Jan 18, 2006 18:39
haha emo much?
but yeah, its rather upsetting when you realize the infidelity of peoples feelings towards you. For it seems that i am only on a pedestal when i act all cheerful. But really, i think that in order for me to trully be such, i need to be fully content with those that i am around. And that is happening less often with those that i should be able to trust the most. And what happens when i voice my concerns? nothing. evasion of the issue. but when i finally get an answer, a sorry, what's it followed by two days later? "i hate you, you stupid bitch". yeah, thanks. nice to know how meaningful your apologies are. But really, with this person, the more i pretend that nothing is wrong, the better things are. But i can't deal with that. and if that means that im losing someone, then so be it.
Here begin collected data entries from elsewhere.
lemma dlap1_minus: "dlap1 p (\<lambda>k. - u k) k = - dlap1 p u k"
  using dlap1_affine_comb[of p "-1" u 0 u 0 0 k] by simp

lemma dlap1_const: "dlap1 p (\<lambda>k. c) k = 0"
  by (simp add: dlap1_def)

lemma dlap1_of_int: "dlap1 p real_of_int k = 0"
  by (simp add: dlap1_def)

lemma dlap1_shift: "dlap1 p (\<lambda>k. u (k + s)) k = dlap1 p u (k + s)"
  by (simp add: dlap1_def algebra_simps)

lemma tendsto_int_shift:
  fixes f :: "int \<Rightarrow> 'a::topological_space"
  assumes "(f \<longlongrightarrow> L) at_top"
  shows "((\<lambda>n. f (n + s)) \<longlongrightarrow> L) at_top"
proof -
  have "filterlim (\<lambda>n. n + s) at_top at_top"
    unfolding filterlim_at_top
  proof
    fix Z :: int
    show "\<forall>\<^sub>F n in at_top. Z \<le> n + s"
      using eventually_ge_at_top[of "Z - s"] by eventually_elim simp
  qed
  from filterlim_compose[OF assms this] show ?thesis .
qed

lemma harnack_neighbour:
  fixes \<phi> :: "int ^ 'd \<Rightarrow> real"
  assumes harm: "dlap \<phi> y = 0"
    and e: "e = unitv j \<or> e = - unitv j"
    and below: "\<And>i. \<phi> (y + unitv i) \<le> S" "\<And>i. \<phi> (y - unitv i) \<le> S"
  shows "S - \<phi> (y + e) \<le> 2 * real CARD('d) * (S - \<phi> y)"
proof -
  define T where "T i = \<phi> (y + unitv i) + \<phi> (y - unitv i)" for i
  have sumT: "(\<Sum>i\<in>UNIV. T i) = 2 * real CARD('d) * \<phi> y"
  proof -
    have "(\<Sum>i\<in>UNIV. T i - 2 * \<phi> y) = 0" using harm unfolding dlap_def T_def by simp
    then show ?thesis by (simp add: sum_subtractf)
  qed
  have Tj: "T j \<le> \<phi> (y + e) + S"
    using e
  proof
    assume "e = - unitv j"
    then have "y + e = y - unitv j" by simp
    then show ?thesis using below(1)[of j] unfolding T_def by simp
  qed (use below(2)[of j] T_def in simp)
  have "(\<Sum>i\<in>UNIV - {j}. T i) \<le> of_nat (card (UNIV - {j})) * (2 * S)"
  proof (rule sum_bounded_above)
    fix i show "T i \<le> 2 * S" using below(1)[of i] below(2)[of i] unfolding T_def by linarith
  qed
  then have rest: "(\<Sum>i\<in>UNIV - {j}. T i) \<le> (real CARD('d) - 1) * (2 * S)"
    by (simp add: card_Diff_singleton of_nat_diff)
  have "(\<Sum>i\<in>UNIV. T i) = T j + (\<Sum>i\<in>UNIV - {j}. T i)"
    by (rule sum.remove) auto
  then show ?thesis using sumT Tj rest by (simp add: algebra_simps)
qed

lemma sum_combination_eq_Gcd:
  fixes a :: "'i \<Rightarrow> int"
  assumes "finite S"
  shows "\<exists>c. (\<Sum>j\<in>S. c j * a j) = Gcd (a ` S)"
  using assms
proof (induction S rule: finite_induct)
  case (insert j S)
  then obtain c where c: "(\<Sum>i\<in>S. c i * a i) = Gcd (a ` S)" by blast
  obtain u v where uv: "u * a j + v * Gcd (a ` S) = gcd (a j) (Gcd (a ` S))"
    using bezout_int by blast
  have "(\<Sum>i\<in>S. (if i = j then u else v * c i) * a i) = v * (\<Sum>i\<in>S. c i * a i)"
    unfolding sum_distrib_left using insert(2) by (intro sum.cong) auto
  then have "(\<Sum>i\<in>insert j S. (if i = j then u else v * c i) * a i) = Gcd (a ` insert j S)"
    using insert(1,2) c uv by simp
  then show ?case by (rule exI[of _ "\<lambda>i. if i = j then u else v * c i"])
qed simp
theorem lemma4p1:
  fixes f :: "'a::complete_space \<Rightarrow> real" and n :: nat and \<gamma> :: "real \<Rightarrow> 'a"
  assumes "Alex0 n TYPE('a)"
    and "lipschitz_fun f" and "affine_fun f"
    and "unit_line \<gamma>"
    and "\<forall>t. ((\<lambda>t. f (\<gamma> t)) has_real_derivative lip_const f) (at t)"
    and "lip_const f > 0"
  shows "\<exists>(Z::'a set) dZ (\<Phi>::'a \<Rightarrow> 'a \<times> real). Metric_space Z dZ \<and>
           bij_betw \<Phi> UNIV (Z \<times> UNIV) \<and>
           (\<forall>x y. dist x y = sqrt ((dZ (fst (\<Phi> x)) (fst (\<Phi> y)))\<^sup>2 + (snd (\<Phi> x) - snd (\<Phi> y))\<^sup>2)) \<and>
           (\<forall>x. f x = lip_const f * snd (\<Phi> x))"
proof -
  obtain Z :: "'a set" and \<Phi> where "bij_betw \<Phi> UNIV (Z \<times> UNIV)"
    and "\<forall>x y. dist x y = sqrt ((dist (fst (\<Phi> x)) (fst (\<Phi> y)))\<^sup>2 + (snd (\<Phi> x) - snd (\<Phi> y))\<^sup>2)"
    and "\<forall>x. snd (\<Phi> x) = f x / lip_const f"
    using alex_affine_line.product_decomposition[OF alex_affine_line_rescaled[OF assms]] by blast
  moreover have "Metric_space Z dist"
    by (simp add: Metric_space_def dist_commute dist_triangle)
  moreover have "\<forall>x. f x = lip_const f * snd (\<Phi> x)"
    using \<open>\<forall>x. snd (\<Phi> x) = f x / lip_const f\<close> assms(6) by simp
  ultimately show ?thesis by (intro exI[of _ Z] exI[of _ dist] exI[of _ \<Phi>] conjI)
qed

end
lemma iota_T: "iota \<xi> (T x) = hatT T \<xi> (iota \<xi> x)"
proof
  fix n
  have "\<xi> n x = \<xi> n (\<xi> n x)"
    by (simp add: filtration_absorb)
  then show "iota \<xi> (T x) n = hatT T \<xi> (iota \<xi> x) n"
    unfolding iota_def hatT_def by (rule filtration_T_cong)
qed

lemma sshift_hatT: "sshift (hatT T \<xi> x) = hatT T (Lshift \<xi>) (sshift x)"
  unfolding sshift_def hatT_def Lshift_def by (auto simp: fun_eq_iff)

lemma sshift_iota: "sshift (iota \<xi> x) = iota (Lshift \<xi>) x"
  unfolding sshift_def iota_def Lshift_def by (auto simp: fun_eq_iff)

lemma Lshift_Mb_absorb:
  assumes "y \<in> Mb (Lshift \<xi>)" and "1 \<le> j" and "j \<le> k"
  shows "\<xi> (Suc j) (y k) = y j"
  using MbD(2)[OF assms] assms(2) by (simp add: Lshift_def)

lemma sshift_in_Mb:
  assumes x: "x \<in> Mb \<xi>"
  shows "sshift x \<in> Mb (Lshift \<xi>)"
proof -
  obtain M where M: "\<And>n. norm (x n) \<le> M"
    using MbD(3)[OF x] by (auto simp: bounded_iff)
  then have "0 \<le> M"
    using norm_ge_zero order.trans by blast
  with M show ?thesis
    by (intro MbI[where M = M]) (auto simp: sshift_def Lshift_def MbD(2)[OF x])
qed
At least im not blinded any longer, you never cared...
I take things my friends seriously even if you do not, i don't need 20,000, i'd just like even 2 that i know that i can trust fully. And it seems that you are not one of them. It is not nagging and bitchiness when i complain, what it really is is my attempting to seal the cracks in a "perfect" relationship. As much as you'd like me to, with all your apathy and desire to avoid the unpleasant, i cannot just sit here and laugh at your contrived jokes as you demean and insult me one moment, and then insist on carrying my books the next.